Return every line from the one with "i j) \<and>" through the one with "(\<forall>\<epsilon>>0. (\<lambda>i j.", inclusive, exactly as it appears below.

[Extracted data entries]
=====

(* Let $u=\sum_{i,j=1}^4 q_{i,j}\,e_i\otimes e_j$ be a positive element of $\mathcal V\otimes_{\max}\mathcal V$. For $a,c\in\{0,2\}$ and $j,k\in\{1,2\}$ set $S_{a,c}(j,k)=\min_{b\in\{0,2\}}\sum_{i=1}^2\sqrt{q_{b+i,a+j}}\sqrt{q_{b+i,c+k}}$. Then for each $d\in\{0,2\}$, $\sum_{i,j=1}^2 q_{d+i,d+j}\le\min_{a,c\in\{0,2\}}\sum_{j,k=1}^2 S_{a,c}(j,k)$.
   Context: $e_1,\dots,e_4$ is the standard basis of $\ell^\infty_4$, and $\mathcal V=\{(a,b,c,d)\in\ell^\infty_4: a+b=c+d\}$ is an operator subsystem of $\ell^\infty_4$; elements of $\mathcal V\otimes\mathcal V\subseteq\ell^\infty_4\otimes\ell^\infty_4$ are written uniquely as $\sum q_{i,j}e_i\otimes e_j$ (positive elements have $q_{i,j}\ge0$). $\otimes_{\max}$ is the maximal operator system tensor product, whose cones are the Archimedeanization of $\{A^*(P\otimes Q)A: P\in M_k(\mathcal V)_+, Q\in M_m(\mathcal V)_+, A \text{ scalar}\}$. *)

theory Defs
  imports Complex_Main
begin

(* Elements of l^infty_4 are functions nat => complex, only indices 1..4 matter. *)
definition inV :: "(nat \<Rightarrow> complex) \<Rightarrow> bool" where
  "inV v \<longleftrightarrow> v 1 + v 2 = v 3 + v 4"

definition psd :: "nat \<Rightarrow> (nat \<Rightarrow> nat \<Rightarrow> complex) \<Rightarrow> bool" where
  "psd k M \<longleftrightarrow> (\<forall>x :: nat \<Rightarrow> complex.
     Im (\<Sum>p<k. \<Sum>p'<k. cnj (x p) * M p p' * x p') = 0 \<and>
     Re (\<Sum>p<k. \<Sum>p'<k. cnj (x p) * M p p' * x p') \<ge> 0)"

(* P \<in> M_k(V)_+ : entries in V, positive in M_k(l^infty_4) = (M_k)^4 *)
definition MkV_pos :: "nat \<Rightarrow> (nat \<Rightarrow> nat \<Rightarrow> nat \<Rightarrow> complex) \<Rightarrow> bool" where
  "MkV_pos k P \<longleftrightarrow> (\<forall>p<k. \<forall>p'<k. inV (P p p')) \<and>
                   (\<forall>i\<in>{1..4}. psd k (\<lambda>p p'. P p p' i))"

(* Elements of l^infty_4 \<otimes> l^infty_4 as arrays w i j (coefficient of e_i \<otimes> e_j) *)
definition in_VV :: "(nat \<Rightarrow> nat \<Rightarrow> complex) \<Rightarrow> bool" where
  "in_VV w \<longleftrightarrow> (\<forall>j\<in>{1..4}. inV (\<lambda>i. w i j)) \<and> (\<forall>i\<in>{1..4}. inV (w i))"

(* level-1 cone {A^*(P \<otimes> Q)A} before Archimedeanization; A is a km x 1 scalar matrix *)
definition max_D :: "(nat \<Rightarrow> nat \<Rightarrow> complex) set" where
  "max_D = {w. \<exists>k m P Q (\<alpha> :: nat \<Rightarrow> nat \<Rightarrow> complex). MkV_pos k P \<and> MkV_pos m Q \<and>
     (\<forall>i\<in>{1..4}. \<forall>j\<in>{1..4}. w i j =
        (\<Sum>p<k. \<Sum>r<m. \<Sum>p'<k. \<Sum>r'<m.
            cnj (\<alpha> p r) * \<alpha> p' r' * P p p' i * Q r r' j))}"

(* positive elements of V \<otimes>_max V (Archimedeanization; unit is e \<otimes> e = all-ones array) *)
definition max_pos :: "(nat \<Rightarrow> nat \<Rightarrow> complex) \<Rightarrow> bool" where
  "max_pos w \<longleftrightarrow> in_VV w \<and> (\<forall>i\<in>{1..4}. \<forall>j\<in>{1..4}. cnj (w i j) = w i j) \<and>
     (\<forall>\<epsilon>>0. (\<lambda>i j. w i j + complex_of_real \<epsilon>) \<in> max_D)"

definition S :: "(nat \<Rightarrow> nat \<Rightarrow> real) \<Rightarrow> nat \<Rightarrow> nat \<Rightarrow> nat \<Rightarrow> nat \<Rightarrow> real" where
  "S q a c j k = Min {(\<Sum>i\<in>{1,2}. sqrt (q (b+i) (a+j)) * sqrt (q (b+i) (c+k))) | b. b \<in> {0,2::nat}}"

end

theory Submission
  imports Defs "Jordan_Normal_Form.Determinant"
begin

(* Up to an arbitrarily small shift by the order unit, q is the coefficient array of
   A*(P (x) Q)A, i.e. q i j = Re <P_i, Q_j>_alpha for a bilinear "pairing" of k x k and
   m x m matrix families P, Q with psd members P_1..P_4, Q_1..Q_4 and
   P_1 + P_2 = P_3 + P_4, Q_1 + Q_2 = Q_3 + Q_4 (membership in V).
   Adding a small multiple of the identity to every Q_j makes E = Q_1 + Q_2
   invertible, with inverse Y.  Then E = E Y E = sum_{j,l} Q_(a+j) Y Q_(c+l), and each
   Q Y Q is dominated by Q, so a Cauchy-Schwarz inequality bounds every block
   <P_(b+i), Q_(a+j) Y Q_(c+l)> by sqrt q_(b+i,a+j) * sqrt q_(b+i,c+l); since
   P_(b+1) + P_(b+2) does not depend on b, this yields the inequality for the
   perturbed array.  Letting the perturbation tend to 0 (S is continuous) finishes. *)

section \<open>Matrices as index-bounded arrays\<close>

text \<open>Vectors are functions \<open>nat \<Rightarrow> complex\<close> and n x n matrices are functions
  \<open>nat \<Rightarrow> nat \<Rightarrow> complex\<close>; only indices below n matter.\<close>

definition cinner :: "nat \<Rightarrow> (nat\<Rightarrow>complex) \<Rightarrow> (nat\<Rightarrow>complex) \<Rightarrow> complex" where
  "cinner n x y = (\<Sum>p<n. cnj (x p) * y p)"
definition mvec :: "nat \<Rightarrow> (nat\<Rightarrow>nat\<Rightarrow>complex) \<Rightarrow> (nat\<Rightarrow>complex) \<Rightarrow> nat \<Rightarrow> complex" where
  "mvec n A x = (\<lambda>p. \<Sum>l<n. A p l * x l)"
definition mmul :: "nat \<Rightarrow> (nat\<Rightarrow>nat\<Rightarrow>complex) \<Rightarrow> (nat\<Rightarrow>nat\<Rightarrow>complex) \<Rightarrow> nat\<Rightarrow>nat\<Rightarrow>complex" where
  "mmul n A B = (\<lambda>i j. \<Sum>l<n. A i l * B l j)"
definition hermitian :: "nat \<Rightarrow> (nat\<Rightarrow>nat\<Rightarrow>complex) \<Rightarrow> bool" where
  "hermitian n A \<longleftrightarrow> (\<forall>p<n. \<forall>q<n. A q p = cnj (A p q))"
definition qform :: "nat \<Rightarrow> (nat\<Rightarrow>nat\<Rightarrow>complex) \<Rightarrow> (nat\<Rightarrow>complex) \<Rightarrow> complex" where
  "qform n A x = cinner n x (mvec n A x)"
definition ebasis :: "nat \<Rightarrow> nat \<Rightarrow> complex" where
  "ebasis a = (\<lambda>p. if p = a then 1 else 0)"
definition idmat :: "nat \<Rightarrow> nat \<Rightarrow> complex" where
  "idmat r r' = (if r = r' then 1 else 0)"

definition right_inverse :: "nat \<Rightarrow> (nat\<Rightarrow>nat\<Rightarrow>complex) \<Rightarrow> (nat\<Rightarrow>nat\<Rightarrow>complex) \<Rightarrow> bool" where
  "right_inverse n E Y \<longleftrightarrow> (\<forall>r<n. \<forall>r'<n. mmul n E Y r r' = idmat r r')"

lemma qform_sum: "(\<Sum>p<n. \<Sum>p'<n. cnj (x p) * A p p' * x p') = qform n A x"
  unfolding qform_def cinner_def mvec_def by (simp add: sum_distrib_left mult.assoc)

lemma psd_iff: "psd n A \<longleftrightarrow> (\<forall>x. Im (qform n A x) = 0 \<and> Re (qform n A x) \<ge> 0)"
  unfolding psd_def qform_sum ..

lemma cinner_add_left: "cinner n (\<lambda>p. x p + y p) z = cinner n x z + cinner n y z"
  unfolding cinner_def by (simp add: algebra_simps sum.distrib)
lemma cinner_add_right: "cinner n z (\<lambda>p. x p + y p) = cinner n z x + cinner n z y"
  unfolding cinner_def by (simp add: algebra_simps sum.distrib)
lemma cinner_diff_left: "cinner n (\<lambda>p. x p - y p) z = cinner n x z - cinner n y z"
  unfolding cinner_def by (simp add: algebra_simps sum_subtractf)
lemma cinner_diff_right: "cinner n z (\<lambda>p. x p - y p) = cinner n z x - cinner n z y"
  unfolding cinner_def by (simp add: algebra_simps sum_subtractf)
lemma cinner_scale_left: "cinner n (\<lambda>p. c * x p) z = cnj c * cinner n x z"
  unfolding cinner_def by (simp add: algebra_simps sum_distrib_left)
lemma cinner_scale_right: "cinner n z (\<lambda>p. c * x p) = c * cinner n z x"
  unfolding cinner_def by (simp add: algebra_simps sum_distrib_left)
lemma cinner_cnj: "cinner n y x = cnj (cinner n x y)"
  unfolding cinner_def by (simp add: mult.commute)
lemma cinner_self: "cinner n x x = of_real (\<Sum>p<n. (cmod (x p))^2)"
  unfolding cinner_def of_real_sum
  by (rule sum.cong[OF refl]) (subst complex_norm_square, rule mult.commute)
lemma cinner_cong:
  "(\<And>p. p < n \<Longrightarrow> x p = x' p) \<Longrightarrow> (\<And>p. p < n \<Longrightarrow> y p = y' p) \<Longrightarrow> cinner n x y = cinner n x' y'"
  unfolding cinner_def by simp

lemma mvec_add_vec: "mvec n A (\<lambda>p. x p + y p) = (\<lambda>p. mvec n A x p + mvec n A y p)"
  unfolding mvec_def by (simp add: algebra_simps sum.distrib)
lemma mvec_diff_vec: "mvec n A (\<lambda>p. x p - y p) = (\<lambda>p. mvec n A x p - mvec n A y p)"
  unfolding mvec_def by (simp add: algebra_simps sum_subtractf)
lemma mvec_scale_vec: "mvec n A (\<lambda>p. c * x p) = (\<lambda>p. c * mvec n A x p)"
  unfolding mvec_def by (simp add: algebra_simps sum_distrib_left)
lemma mvec_add_mat: "mvec n (\<lambda>i j. A i j + B i j) x = (\<lambda>p. mvec n A x p + mvec n B x p)"
  unfolding mvec_def by (simp add: algebra_simps sum.distrib)
lemma mvec_diff_mat: "mvec n (\<lambda>i j. A i j - B i j) x = (\<lambda>p. mvec n A x p - mvec n B x p)"
  unfolding mvec_def by (simp add: algebra_simps sum_subtractf)
lemma mvec_scale_mat: "mvec n (\<lambda>i j. c * A i j) x = (\<lambda>p. c * mvec n A x p)"
  unfolding mvec_def by (simp add: algebra_simps sum_distrib_left)

lemma mvec_mmul: "mvec n (mmul n A B) x = mvec n A (mvec n B x)"
proof (rule ext)
  fix p
  have "mvec n (mmul n A B) x p = (\<Sum>l<n. \<Sum>l'<n. A p l' * B l' l * x l)"
    unfolding mvec_def mmul_def by (simp add: sum_distrib_right)
  also have "\<dots> = (\<Sum>l'<n. \<Sum>l<n. A p l' * B l' l * x l)" by (rule sum.swap)
  also have "\<dots> = mvec n A (mvec n B x) p"
    unfolding mvec_def by (simp add: sum_distrib_left mult.assoc)
  finally show "mvec n (mmul n A B) x p = mvec n A (mvec n B x) p" .
qed

lemma mmul_add_left: assumes "\<And>l. l < n \<Longrightarrow> A r l = A1 r l + A2 r l"
  shows "mmul n A B r j = mmul n A1 B r j + mmul n A2 B r j"
  unfolding mmul_def using assms by (simp add: distrib_right sum.distrib)

lemma mmul_add_right: assumes "\<And>l. l < n \<Longrightarrow> B l j = B1 l j + B2 l j"
  shows "mmul n A B r j = mmul n A B1 r j + mmul n A B2 r j"
  unfolding mmul_def using assms by (simp add: distrib_left sum.distrib)

lemma qform_add_mat: "qform n (\<lambda>i j. A i j + B i j) x = qform n A x + qform n B x"
  unfolding qform_def mvec_add_mat cinner_add_right ..
lemma qform_diff_mat: "qform n (\<lambda>i j. A i j - B i j) x = qform n A x - qform n B x"
  unfolding qform_def mvec_diff_mat cinner_diff_right ..
lemma qform_scale_mat: "qform n (\<lambda>i j. c * A i j) x = c * qform n A x"
  unfolding qform_def mvec_scale_mat cinner_scale_right ..
lemma qform_cong_mat: assumes "\<And>i j. i < n \<Longrightarrow> j < n \<Longrightarrow> E i j = A i j"
  shows "qform n E x = qform n A x"
  unfolding qform_def mvec_def by (rule cinner_cong) (auto simp: assms intro!: sum.cong)

lemma qform_idmat: "qform m idmat x = cinner m x x"
  unfolding qform_def
proof (rule cinner_cong)
  fix p assume p: "p < m"
  have "mvec m idmat x p = (\<Sum>l<m. if l = p then x l else 0)"
    unfolding mvec_def idmat_def by (rule sum.cong) auto
  thus "mvec m idmat x p = x p" using p by simp
qed simp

=====

> **REPLY**:
  "max_pos w \<longleftrightarrow> in_VV w \<and> (\<forall>i\<in>{1..4}. \<forall>j\<in>{1..4}. cnj (w i j) = w i j) \<and>
     (\<forall>\<epsilon>>0. (\<lambda>i j. w i j + complex_of_real \<epsilon>) \<in> max_D)"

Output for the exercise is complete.